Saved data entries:
==========

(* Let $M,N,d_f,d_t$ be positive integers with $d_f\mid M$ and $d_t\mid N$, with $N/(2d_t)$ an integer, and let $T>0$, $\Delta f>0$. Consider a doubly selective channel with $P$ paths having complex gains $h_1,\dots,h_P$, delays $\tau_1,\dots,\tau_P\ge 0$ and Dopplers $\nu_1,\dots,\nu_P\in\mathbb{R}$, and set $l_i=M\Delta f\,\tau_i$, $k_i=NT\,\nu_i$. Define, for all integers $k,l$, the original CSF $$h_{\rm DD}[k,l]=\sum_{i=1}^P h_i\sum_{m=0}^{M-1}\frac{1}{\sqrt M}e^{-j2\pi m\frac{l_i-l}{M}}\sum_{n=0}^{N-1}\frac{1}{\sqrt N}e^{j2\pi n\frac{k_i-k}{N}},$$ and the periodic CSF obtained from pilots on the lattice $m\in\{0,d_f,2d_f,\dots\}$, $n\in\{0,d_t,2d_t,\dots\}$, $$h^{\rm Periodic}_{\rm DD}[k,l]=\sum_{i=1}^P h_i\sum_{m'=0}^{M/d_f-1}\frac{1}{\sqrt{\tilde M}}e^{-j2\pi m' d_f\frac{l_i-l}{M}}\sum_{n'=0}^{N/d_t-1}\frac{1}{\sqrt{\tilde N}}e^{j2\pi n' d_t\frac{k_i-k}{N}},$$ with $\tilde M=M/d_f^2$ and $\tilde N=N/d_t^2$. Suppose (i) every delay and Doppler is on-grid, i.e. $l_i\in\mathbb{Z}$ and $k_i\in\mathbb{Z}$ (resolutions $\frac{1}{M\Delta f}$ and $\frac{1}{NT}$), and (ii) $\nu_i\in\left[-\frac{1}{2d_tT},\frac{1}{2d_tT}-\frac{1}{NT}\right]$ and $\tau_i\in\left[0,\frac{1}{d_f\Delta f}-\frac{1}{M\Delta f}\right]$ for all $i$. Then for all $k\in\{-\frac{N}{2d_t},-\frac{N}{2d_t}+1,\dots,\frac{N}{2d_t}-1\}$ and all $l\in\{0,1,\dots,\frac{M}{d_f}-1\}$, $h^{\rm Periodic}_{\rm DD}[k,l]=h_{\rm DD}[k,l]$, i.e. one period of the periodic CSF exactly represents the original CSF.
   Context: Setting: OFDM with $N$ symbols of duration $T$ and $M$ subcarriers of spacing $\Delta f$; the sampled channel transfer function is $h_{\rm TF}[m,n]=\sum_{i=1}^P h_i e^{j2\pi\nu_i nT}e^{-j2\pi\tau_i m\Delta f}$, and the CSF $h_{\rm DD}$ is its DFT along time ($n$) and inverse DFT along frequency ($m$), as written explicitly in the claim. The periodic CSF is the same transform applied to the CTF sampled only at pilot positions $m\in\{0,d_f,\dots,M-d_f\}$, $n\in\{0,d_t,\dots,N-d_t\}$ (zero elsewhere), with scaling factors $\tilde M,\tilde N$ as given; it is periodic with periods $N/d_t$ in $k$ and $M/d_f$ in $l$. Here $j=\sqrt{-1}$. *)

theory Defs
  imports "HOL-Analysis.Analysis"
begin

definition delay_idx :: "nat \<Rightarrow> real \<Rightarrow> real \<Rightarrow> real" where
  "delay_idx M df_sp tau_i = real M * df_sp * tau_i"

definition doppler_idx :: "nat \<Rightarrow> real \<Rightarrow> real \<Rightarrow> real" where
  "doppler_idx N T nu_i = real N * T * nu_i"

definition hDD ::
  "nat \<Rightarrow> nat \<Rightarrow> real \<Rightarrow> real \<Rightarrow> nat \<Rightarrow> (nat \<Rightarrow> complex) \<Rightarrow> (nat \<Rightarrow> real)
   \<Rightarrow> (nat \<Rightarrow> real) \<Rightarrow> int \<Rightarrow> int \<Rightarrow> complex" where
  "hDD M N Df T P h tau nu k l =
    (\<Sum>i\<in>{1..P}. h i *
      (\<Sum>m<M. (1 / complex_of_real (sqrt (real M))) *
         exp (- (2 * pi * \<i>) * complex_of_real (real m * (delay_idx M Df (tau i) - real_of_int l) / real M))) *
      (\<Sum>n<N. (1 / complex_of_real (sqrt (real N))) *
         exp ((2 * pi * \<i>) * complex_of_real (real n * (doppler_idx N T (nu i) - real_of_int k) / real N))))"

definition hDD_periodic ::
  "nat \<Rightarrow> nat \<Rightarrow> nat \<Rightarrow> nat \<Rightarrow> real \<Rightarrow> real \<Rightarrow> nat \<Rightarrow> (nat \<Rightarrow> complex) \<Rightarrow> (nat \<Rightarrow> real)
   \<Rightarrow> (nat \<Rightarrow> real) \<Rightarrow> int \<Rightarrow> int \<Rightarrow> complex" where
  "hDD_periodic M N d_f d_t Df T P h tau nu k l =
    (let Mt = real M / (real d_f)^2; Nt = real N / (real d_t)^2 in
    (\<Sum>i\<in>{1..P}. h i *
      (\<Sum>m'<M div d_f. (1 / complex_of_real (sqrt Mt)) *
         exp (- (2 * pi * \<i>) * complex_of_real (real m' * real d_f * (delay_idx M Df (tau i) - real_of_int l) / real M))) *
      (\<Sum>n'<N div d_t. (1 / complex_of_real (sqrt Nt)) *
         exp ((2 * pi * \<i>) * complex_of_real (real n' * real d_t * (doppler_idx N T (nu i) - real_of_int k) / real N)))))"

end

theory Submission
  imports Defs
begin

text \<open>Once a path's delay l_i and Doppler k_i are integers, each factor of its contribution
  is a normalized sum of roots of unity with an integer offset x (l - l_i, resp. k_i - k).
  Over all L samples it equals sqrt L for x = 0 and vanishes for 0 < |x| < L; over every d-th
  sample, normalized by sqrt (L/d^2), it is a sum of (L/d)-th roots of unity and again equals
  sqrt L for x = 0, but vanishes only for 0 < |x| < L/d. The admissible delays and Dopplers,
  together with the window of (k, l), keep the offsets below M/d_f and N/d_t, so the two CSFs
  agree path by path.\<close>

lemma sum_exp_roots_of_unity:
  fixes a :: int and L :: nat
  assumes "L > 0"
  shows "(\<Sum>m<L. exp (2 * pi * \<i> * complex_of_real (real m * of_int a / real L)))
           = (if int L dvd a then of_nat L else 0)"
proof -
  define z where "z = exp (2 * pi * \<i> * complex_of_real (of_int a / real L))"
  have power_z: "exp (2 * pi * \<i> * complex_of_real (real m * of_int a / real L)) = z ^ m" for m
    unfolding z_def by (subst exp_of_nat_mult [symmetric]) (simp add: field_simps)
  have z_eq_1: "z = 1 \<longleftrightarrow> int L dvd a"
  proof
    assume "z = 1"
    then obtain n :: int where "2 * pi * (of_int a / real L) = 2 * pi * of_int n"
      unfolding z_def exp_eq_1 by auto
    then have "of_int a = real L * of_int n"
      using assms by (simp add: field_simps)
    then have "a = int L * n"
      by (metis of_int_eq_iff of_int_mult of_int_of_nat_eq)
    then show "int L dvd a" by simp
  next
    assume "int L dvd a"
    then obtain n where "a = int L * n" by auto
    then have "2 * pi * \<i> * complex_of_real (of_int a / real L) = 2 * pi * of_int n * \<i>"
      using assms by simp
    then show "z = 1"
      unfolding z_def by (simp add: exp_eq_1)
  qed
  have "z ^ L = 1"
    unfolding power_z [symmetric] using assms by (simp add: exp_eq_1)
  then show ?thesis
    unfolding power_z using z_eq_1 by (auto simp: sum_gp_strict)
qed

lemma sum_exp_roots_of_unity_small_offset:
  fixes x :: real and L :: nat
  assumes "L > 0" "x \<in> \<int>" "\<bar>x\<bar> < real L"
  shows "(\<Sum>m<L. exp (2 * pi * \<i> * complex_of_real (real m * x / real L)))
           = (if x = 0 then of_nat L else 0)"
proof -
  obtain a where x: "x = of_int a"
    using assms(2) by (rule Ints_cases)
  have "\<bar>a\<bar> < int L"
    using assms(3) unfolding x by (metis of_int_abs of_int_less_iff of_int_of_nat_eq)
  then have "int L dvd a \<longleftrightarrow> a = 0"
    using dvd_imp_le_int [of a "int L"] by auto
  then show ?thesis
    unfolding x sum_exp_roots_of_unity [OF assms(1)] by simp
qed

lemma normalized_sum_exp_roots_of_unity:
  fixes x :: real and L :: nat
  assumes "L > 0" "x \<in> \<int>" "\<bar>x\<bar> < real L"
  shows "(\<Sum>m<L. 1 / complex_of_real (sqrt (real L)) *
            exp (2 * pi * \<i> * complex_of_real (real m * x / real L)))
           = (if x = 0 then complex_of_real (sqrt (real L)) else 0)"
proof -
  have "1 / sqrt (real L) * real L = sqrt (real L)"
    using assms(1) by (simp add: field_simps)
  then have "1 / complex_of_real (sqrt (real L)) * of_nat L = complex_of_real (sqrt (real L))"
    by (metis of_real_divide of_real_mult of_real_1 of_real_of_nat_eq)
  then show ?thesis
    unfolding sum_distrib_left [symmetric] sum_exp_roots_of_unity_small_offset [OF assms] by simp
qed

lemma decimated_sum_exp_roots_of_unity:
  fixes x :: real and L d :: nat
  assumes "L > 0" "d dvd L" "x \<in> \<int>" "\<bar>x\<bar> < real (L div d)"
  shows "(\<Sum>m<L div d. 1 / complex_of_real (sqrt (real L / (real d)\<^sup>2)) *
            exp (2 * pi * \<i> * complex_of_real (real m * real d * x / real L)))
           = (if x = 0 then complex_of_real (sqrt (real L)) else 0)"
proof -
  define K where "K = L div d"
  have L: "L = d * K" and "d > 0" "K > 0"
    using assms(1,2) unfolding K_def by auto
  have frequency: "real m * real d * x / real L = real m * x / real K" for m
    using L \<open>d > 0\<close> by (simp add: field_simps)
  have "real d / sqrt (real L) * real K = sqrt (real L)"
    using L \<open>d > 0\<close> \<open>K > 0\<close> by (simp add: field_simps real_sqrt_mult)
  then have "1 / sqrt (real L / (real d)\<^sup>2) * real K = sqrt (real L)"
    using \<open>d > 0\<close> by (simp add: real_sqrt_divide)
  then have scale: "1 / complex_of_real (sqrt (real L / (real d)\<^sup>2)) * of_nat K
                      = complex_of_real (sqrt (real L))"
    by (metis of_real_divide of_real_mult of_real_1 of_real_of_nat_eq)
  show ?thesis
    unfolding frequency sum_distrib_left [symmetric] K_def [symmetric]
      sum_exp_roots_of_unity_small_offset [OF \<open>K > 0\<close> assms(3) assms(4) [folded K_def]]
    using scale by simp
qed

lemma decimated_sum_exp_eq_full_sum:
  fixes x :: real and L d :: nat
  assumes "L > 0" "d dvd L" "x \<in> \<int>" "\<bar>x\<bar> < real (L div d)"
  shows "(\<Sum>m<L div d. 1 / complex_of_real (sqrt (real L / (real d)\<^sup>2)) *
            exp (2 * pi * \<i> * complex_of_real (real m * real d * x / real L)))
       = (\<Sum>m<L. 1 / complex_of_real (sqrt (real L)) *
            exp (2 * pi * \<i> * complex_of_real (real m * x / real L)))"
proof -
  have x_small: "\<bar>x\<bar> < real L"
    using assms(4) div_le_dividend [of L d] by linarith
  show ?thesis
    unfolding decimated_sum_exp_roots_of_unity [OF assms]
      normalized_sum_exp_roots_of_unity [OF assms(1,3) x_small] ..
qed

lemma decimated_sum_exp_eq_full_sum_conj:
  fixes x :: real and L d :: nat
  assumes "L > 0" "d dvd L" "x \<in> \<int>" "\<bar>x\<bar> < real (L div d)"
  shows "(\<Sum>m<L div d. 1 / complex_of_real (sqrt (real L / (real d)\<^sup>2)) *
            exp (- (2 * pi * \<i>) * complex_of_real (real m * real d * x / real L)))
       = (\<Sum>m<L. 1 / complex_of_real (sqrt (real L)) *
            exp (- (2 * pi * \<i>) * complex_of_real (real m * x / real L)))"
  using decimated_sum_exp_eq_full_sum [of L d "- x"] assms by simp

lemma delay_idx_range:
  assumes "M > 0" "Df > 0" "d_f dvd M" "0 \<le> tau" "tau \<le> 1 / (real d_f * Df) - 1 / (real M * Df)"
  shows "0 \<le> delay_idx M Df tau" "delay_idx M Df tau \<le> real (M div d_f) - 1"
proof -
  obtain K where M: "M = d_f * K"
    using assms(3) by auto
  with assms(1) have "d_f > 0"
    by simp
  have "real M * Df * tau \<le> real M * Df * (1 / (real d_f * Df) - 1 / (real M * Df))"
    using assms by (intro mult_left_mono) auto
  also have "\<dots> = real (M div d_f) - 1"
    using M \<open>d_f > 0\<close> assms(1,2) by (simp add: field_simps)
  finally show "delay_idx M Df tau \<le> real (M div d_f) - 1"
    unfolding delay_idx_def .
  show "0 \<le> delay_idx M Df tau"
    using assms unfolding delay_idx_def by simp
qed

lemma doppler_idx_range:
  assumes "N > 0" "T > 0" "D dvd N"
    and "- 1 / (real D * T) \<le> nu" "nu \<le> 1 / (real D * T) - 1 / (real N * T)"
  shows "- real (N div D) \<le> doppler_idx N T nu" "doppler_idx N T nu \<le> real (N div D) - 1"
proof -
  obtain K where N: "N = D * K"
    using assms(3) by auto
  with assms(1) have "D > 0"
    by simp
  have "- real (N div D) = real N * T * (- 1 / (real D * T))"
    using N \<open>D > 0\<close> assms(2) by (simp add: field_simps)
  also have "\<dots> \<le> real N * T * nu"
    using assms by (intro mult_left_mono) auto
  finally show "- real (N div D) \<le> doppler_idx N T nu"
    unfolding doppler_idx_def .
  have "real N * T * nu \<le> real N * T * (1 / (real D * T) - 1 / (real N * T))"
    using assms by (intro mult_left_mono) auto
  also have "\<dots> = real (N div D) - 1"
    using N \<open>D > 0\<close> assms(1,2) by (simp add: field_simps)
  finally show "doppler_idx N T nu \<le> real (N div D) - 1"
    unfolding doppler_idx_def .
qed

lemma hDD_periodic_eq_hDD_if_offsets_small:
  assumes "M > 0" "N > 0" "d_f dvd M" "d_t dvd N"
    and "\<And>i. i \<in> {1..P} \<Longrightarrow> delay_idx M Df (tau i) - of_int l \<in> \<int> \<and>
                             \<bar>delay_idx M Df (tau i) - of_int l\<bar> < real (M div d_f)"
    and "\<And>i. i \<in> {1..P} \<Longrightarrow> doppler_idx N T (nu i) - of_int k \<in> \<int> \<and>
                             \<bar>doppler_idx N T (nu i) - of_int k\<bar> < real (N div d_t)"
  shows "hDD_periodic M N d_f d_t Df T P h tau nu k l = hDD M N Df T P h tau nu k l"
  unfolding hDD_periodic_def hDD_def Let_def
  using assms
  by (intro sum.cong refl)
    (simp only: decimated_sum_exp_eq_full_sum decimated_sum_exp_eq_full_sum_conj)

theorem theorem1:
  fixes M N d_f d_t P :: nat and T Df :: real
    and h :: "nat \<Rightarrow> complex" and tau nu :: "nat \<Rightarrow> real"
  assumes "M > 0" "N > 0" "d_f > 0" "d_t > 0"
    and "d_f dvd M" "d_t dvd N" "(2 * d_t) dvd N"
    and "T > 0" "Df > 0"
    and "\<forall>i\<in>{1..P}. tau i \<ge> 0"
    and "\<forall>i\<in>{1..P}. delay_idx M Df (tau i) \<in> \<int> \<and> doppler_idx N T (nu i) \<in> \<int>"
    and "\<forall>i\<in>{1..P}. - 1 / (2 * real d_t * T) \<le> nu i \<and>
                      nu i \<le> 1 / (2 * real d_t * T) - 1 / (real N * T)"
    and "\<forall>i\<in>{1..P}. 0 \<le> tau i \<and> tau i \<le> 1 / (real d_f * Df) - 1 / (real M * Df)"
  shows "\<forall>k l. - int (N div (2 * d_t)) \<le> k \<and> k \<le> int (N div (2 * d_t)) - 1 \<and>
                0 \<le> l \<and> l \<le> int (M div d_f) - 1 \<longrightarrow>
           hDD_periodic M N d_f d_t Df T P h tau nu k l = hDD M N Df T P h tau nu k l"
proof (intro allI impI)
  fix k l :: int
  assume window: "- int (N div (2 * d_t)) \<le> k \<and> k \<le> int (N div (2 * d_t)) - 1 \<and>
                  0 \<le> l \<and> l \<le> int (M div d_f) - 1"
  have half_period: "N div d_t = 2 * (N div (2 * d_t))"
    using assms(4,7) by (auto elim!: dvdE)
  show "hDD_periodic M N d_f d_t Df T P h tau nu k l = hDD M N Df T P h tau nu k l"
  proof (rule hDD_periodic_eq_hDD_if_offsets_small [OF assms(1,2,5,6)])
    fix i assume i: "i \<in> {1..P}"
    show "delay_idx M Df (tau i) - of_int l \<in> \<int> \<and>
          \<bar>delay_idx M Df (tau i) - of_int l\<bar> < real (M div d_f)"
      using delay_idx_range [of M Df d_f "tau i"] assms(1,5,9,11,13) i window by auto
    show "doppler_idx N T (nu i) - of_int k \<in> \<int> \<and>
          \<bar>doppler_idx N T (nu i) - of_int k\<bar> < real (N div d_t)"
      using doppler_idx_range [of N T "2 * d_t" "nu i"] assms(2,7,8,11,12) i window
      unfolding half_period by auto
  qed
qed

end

==========

**TO DO**
Read through the entries above, and wherever a line holds the string "vanishes", copy it.

**TASK ANSWER**
  Over all L samples it equals sqrt L for x = 0 and vanishes for 0 < |x| < L; over every d-th
  sqrt L for x = 0, but vanishes only for 0 < |x| < L/d. The admissible delays and Dopplers,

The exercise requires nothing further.